> [Action item] The full set of records needs to be retyped exactly.

*** Block opens ***

lemma null_pairs_qspace: "x \<in> null_pairs \<Longrightarrow> x \<in> qspace \<Longrightarrow> x = 0"
  using P_null P_qspace by metis

lemma mat1_qcone_iff: "mat1 x \<in> qcone 1 \<longleftrightarrow> x \<in> qspace \<and> mat1 (fst x + snd x) \<in> C 1"
proof -
  have "mat1 x \<in> mats 1 qspace \<longleftrightarrow> x \<in> qspace"
    using pairs.subspace_0[OF subspace_qspace] by (auto simp: mats_def single_entry_def)
  moreover have "plus_transpose (mat1 x) = mat1 (fst x + snd x)"
    by (auto simp: plus_transpose_def single_entry_def fun_eq_iff)
  ultimately show ?thesis by (simp add: qcone_def)
qed

lemma qcone_add: "n > 0 \<Longrightarrow> A \<in> qcone n \<Longrightarrow> B \<in> qcone n \<Longrightarrow> (\<lambda>i j. A i j + B i j) \<in> qcone n"
proof -
  assume "n > 0" "A \<in> qcone n" "B \<in> qcone n"
  moreover have "plus_transpose (\<lambda>i j. A i j + B i j) = plus_transpose A + plus_transpose B"
    by (simp add: plus_transpose_def fun_eq_iff algebra_simps)
  ultimately show ?thesis
    using pairs.subspace_add[OF subspace_qspace] cone_add by (auto simp: qcone_def mats_def)
qed
(* Let $E$ be a vector lattice, and suppose that the order continuous dual $E^\sim_n$ has an ideal $I$ that separates the points of $E$. Suppose that $C_{\mathrm{u}|\sigma|(E,I)}=E$ or, equivalently, that $E$ has the countable sup property (this holds in particular when $C_{\mathrm{u}|\sigma|(E,I)}$ has a countable order basis, or when $\mathrm{u}|\sigma|(E,I)$ is metrisable). Let $S$ be a convex subset of $E$ and let $x$ belong to the $\sigma(E,I)$-closure of $S$. Then there exists a sequence in $S$ that is uo-convergent to $x$.
   Context: All vector lattices are real and Archimedean. $E^\sim_n$ is the order continuous dual of $E$. $\sigma(E,I)$ is the weak topology on $E$ induced by $I$. The absolute weak topology $|\sigma|(E,I)$ is the locally convex locally solid topology generated by the lattice seminorms $p_\varphi(x)=|\varphi|(|x|)$, $\varphi\in I$. For a locally solid topology $\tau$ on $E$, $\mathrm{u}\tau$ is the locally solid topology with neighbourhood basis at zero the sets $\{x\in E: |x|\wedge|y|\in V\}$, with $V$ ranging over solid $\tau$-neighbourhoods of zero and $y$ over $E$. A sequence $(V_n)$ of neighbourhoods of zero is normal if $V_{n+1}+V_{n+1}\subseteq V_n$; the carrier $C_\tau$ is the union of the disjoint complements $N^{\mathrm d}$ where $N=\bigcap_nV_n$ ranges over intersections of normal sequences of solid $\tau$-neighbourhoods of zero. Order basis: non-empty $A$ with $A^{\mathrm d}=\{0\}$. Countable sup property: every subset with a supremum contains an at most countable subset with the same supremum. Uo-convergence: $|x_n-x|\wedge|y|\to0$ in order for all $y\in E$, where order convergence of a net means there is a net $y_\beta\downarrow0$ such that for each $\beta_0$ eventually $|x_\alpha-x|\leq y_{\beta_0}$. *)

theory Defs
  imports "HOL-Analysis.Analysis"
begin

class vector_lattice = ordered_real_vector + lattice +
  assumes archimedean:
    "0 \<le> x \<Longrightarrow> (\<And>n::nat. real n *\<^sub>R x \<le> y) \<Longrightarrow> x = 0"


definition vabs :: "'a::vector_lattice \<Rightarrow> 'a" where
  "vabs x = sup x (- x)"

definition is_lub :: "'a::vector_lattice set \<Rightarrow> 'a \<Rightarrow> bool" where
  "is_lub A s \<longleftrightarrow> (\<forall>a\<in>A. a \<le> s) \<and> (\<forall>u. (\<forall>a\<in>A. a \<le> u) \<longrightarrow> s \<le> u)"

definition is_glb :: "'a::vector_lattice set \<Rightarrow> 'a \<Rightarrow> bool" where
  "is_glb A s \<longleftrightarrow> (\<forall>a\<in>A. s \<le> a) \<and> (\<forall>u. (\<forall>a\<in>A. u \<le> a) \<longrightarrow> u \<le> s)"

text \<open>A downward directed set with infimum 0; such a set, indexed by itself,
  is a net decreasing to 0 (and the range of every net \<open>y\<^sub>\<beta> \<down> 0\<close> is such a set).\<close>
definition down_to_zero :: "'a::vector_lattice set \<Rightarrow> bool" where
  "down_to_zero D \<longleftrightarrow> D \<noteq> {} \<and> (\<forall>a\<in>D. \<forall>b\<in>D. \<exists>c\<in>D. c \<le> a \<and> c \<le> b) \<and> is_glb D 0"

definition order_conv :: "(nat \<Rightarrow> 'a::vector_lattice) \<Rightarrow> 'a \<Rightarrow> bool" where
  "order_conv z x \<longleftrightarrow> (\<exists>D. down_to_zero D \<and>
      (\<forall>d\<in>D. \<exists>N. \<forall>n\<ge>N. vabs (z n - x) \<le> d))"

definition uo_conv :: "(nat \<Rightarrow> 'a::vector_lattice) \<Rightarrow> 'a \<Rightarrow> bool" where
  "uo_conv z x \<longleftrightarrow> (\<forall>y. order_conv (\<lambda>n. inf (vabs (z n - x)) (vabs y)) 0)"

definition countable_sup_property :: "'a::vector_lattice itself \<Rightarrow> bool" where
  "countable_sup_property _ \<longleftrightarrow> (\<forall>(A::'a set) s. is_lub A s \<longrightarrow> (\<exists>B\<subseteq>A. countable B \<and> is_lub B s))"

*** Block closes ***

> [Task result]
lemma null_pairs_qspace: "x \<in> null_pairs \<Longrightarrow> x \<in> qspace \<Longrightarrow> x = 0"
  using P_null P_qspace by metis

lemma mat1_qcone_iff: "mat1 x \<in> qcone 1 \<longleftrightarrow> x \<in> qspace \<and> mat1 (fst x + snd x) \<in> C 1"
proof -
  have "mat1 x \<in> mats 1 qspace \<longleftrightarrow> x \<in> qspace"
    using pairs.subspace_0[OF subspace_qspace] by (auto simp: mats_def single_entry_def)
  moreover have "plus_transpose (mat1 x) = mat1 (fst x + snd x)"
    by (auto simp: plus_transpose_def single_entry_def fun_eq_iff)
  ultimately show ?thesis by (simp add: qcone_def)
qed

lemma qcone_add: "n > 0 \<Longrightarrow> A \<in> qcone n \<Longrightarrow> B \<in> qcone n \<Longrightarrow> (\<lambda>i j. A i j + B i j) \<in> qcone n"
proof -
  assume "n > 0" "A \<in> qcone n" "B \<in> qcone n"
  moreover have "plus_transpose (\<lambda>i j. A i j + B i j) = plus_transpose A + plus_transpose B"
    by (simp add: plus_transpose_def fun_eq_iff algebra_simps)
  ultimately show ?thesis
    using pairs.subspace_add[OF subspace_qspace] cone_add by (auto simp: qcone_def mats_def)
qed
(* Let $E$ be a vector lattice, and suppose that the order continuous dual $E^\sim_n$ has an ideal $I$ that separates the points of $E$. Suppose that $C_{\mathrm{u}|\sigma|(E,I)}=E$ or, equivalently, that $E$ has the countable sup property (this holds in particular when $C_{\mathrm{u}|\sigma|(E,I)}$ has a countable order basis, or when $\mathrm{u}|\sigma|(E,I)$ is metrisable). Let $S$ be a convex subset of $E$ and let $x$ belong to the $\sigma(E,I)$-closure of $S$. Then there exists a sequence in $S$ that is uo-convergent to $x$.
   Context: All vector lattices are real and Archimedean. $E^\sim_n$ is the order continuous dual of $E$. $\sigma(E,I)$ is the weak topology on $E$ induced by $I$. The absolute weak topology $|\sigma|(E,I)$ is the locally convex locally solid topology generated by the lattice seminorms $p_\varphi(x)=|\varphi|(|x|)$, $\varphi\in I$. For a locally solid topology $\tau$ on $E$, $\mathrm{u}\tau$ is the locally solid topology with neighbourhood basis at zero the sets $\{x\in E: |x|\wedge|y|\in V\}$, with $V$ ranging over solid $\tau$-neighbourhoods of zero and $y$ over $E$. A sequence $(V_n)$ of neighbourhoods of zero is normal if $V_{n+1}+V_{n+1}\subseteq V_n$; the carrier $C_\tau$ is the union of the disjoint complements $N^{\mathrm d}$ where $N=\bigcap_nV_n$ ranges over intersections of normal sequences of solid $\tau$-neighbourhoods of zero. Order basis: non-empty $A$ with $A^{\mathrm d}=\{0\}$. Countable sup property: every subset with a supremum contains an at most countable subset with the same supremum. Uo-convergence: $|x_n-x|\wedge|y|\to0$ in order for all $y\in E$, where order convergence of a net means there is a net $y_\beta\downarrow0$ such that for each $\beta_0$ eventually $|x_\alpha-x|\leq y_{\beta_0}$. *)

theory Defs
  imports "HOL-Analysis.Analysis"
begin

class vector_lattice = ordered_real_vector + lattice +
  assumes archimedean:
    "0 \<le> x \<Longrightarrow> (\<And>n::nat. real n *\<^sub>R x \<le> y) \<Longrightarrow> x = 0"


definition vabs :: "'a::vector_lattice \<Rightarrow> 'a" where
  "vabs x = sup x (- x)"

definition is_lub :: "'a::vector_lattice set \<Rightarrow> 'a \<Rightarrow> bool" where
  "is_lub A s \<longleftrightarrow> (\<forall>a\<in>A. a \<le> s) \<and> (\<forall>u. (\<forall>a\<in>A. a \<le> u) \<longrightarrow> s \<le> u)"

definition is_glb :: "'a::vector_lattice set \<Rightarrow> 'a \<Rightarrow> bool" where
  "is_glb A s \<longleftrightarrow> (\<forall>a\<in>A. s \<le> a) \<and> (\<forall>u. (\<forall>a\<in>A. u \<le> a) \<longrightarrow> u \<le> s)"

text \<open>A downward directed set with infimum 0; such a set, indexed by itself,
  is a net decreasing to 0 (and the range of every net \<open>y\<^sub>\<beta> \<down> 0\<close> is such a set).\<close>
definition down_to_zero :: "'a::vector_lattice set \<Rightarrow> bool" where
  "down_to_zero D \<longleftrightarrow> D \<noteq> {} \<and> (\<forall>a\<in>D. \<forall>b\<in>D. \<exists>c\<in>D. c \<le> a \<and> c \<le> b) \<and> is_glb D 0"

definition order_conv :: "(nat \<Rightarrow> 'a::vector_lattice) \<Rightarrow> 'a \<Rightarrow> bool" where
  "order_conv z x \<longleftrightarrow> (\<exists>D. down_to_zero D \<and>
      (\<forall>d\<in>D. \<exists>N. \<forall>n\<ge>N. vabs (z n - x) \<le> d))"

definition uo_conv :: "(nat \<Rightarrow> 'a::vector_lattice) \<Rightarrow> 'a \<Rightarrow> bool" where
  "uo_conv z x \<longleftrightarrow> (\<forall>y. order_conv (\<lambda>n. inf (vabs (z n - x)) (vabs y)) 0)"

definition countable_sup_property :: "'a::vector_lattice itself \<Rightarrow> bool" where
  "countable_sup_property _ \<longleftrightarrow> (\<forall>(A::'a set) s. is_lub A s \<longrightarrow> (\<exists>B\<subseteq>A. countable B \<and> is_lub B s))"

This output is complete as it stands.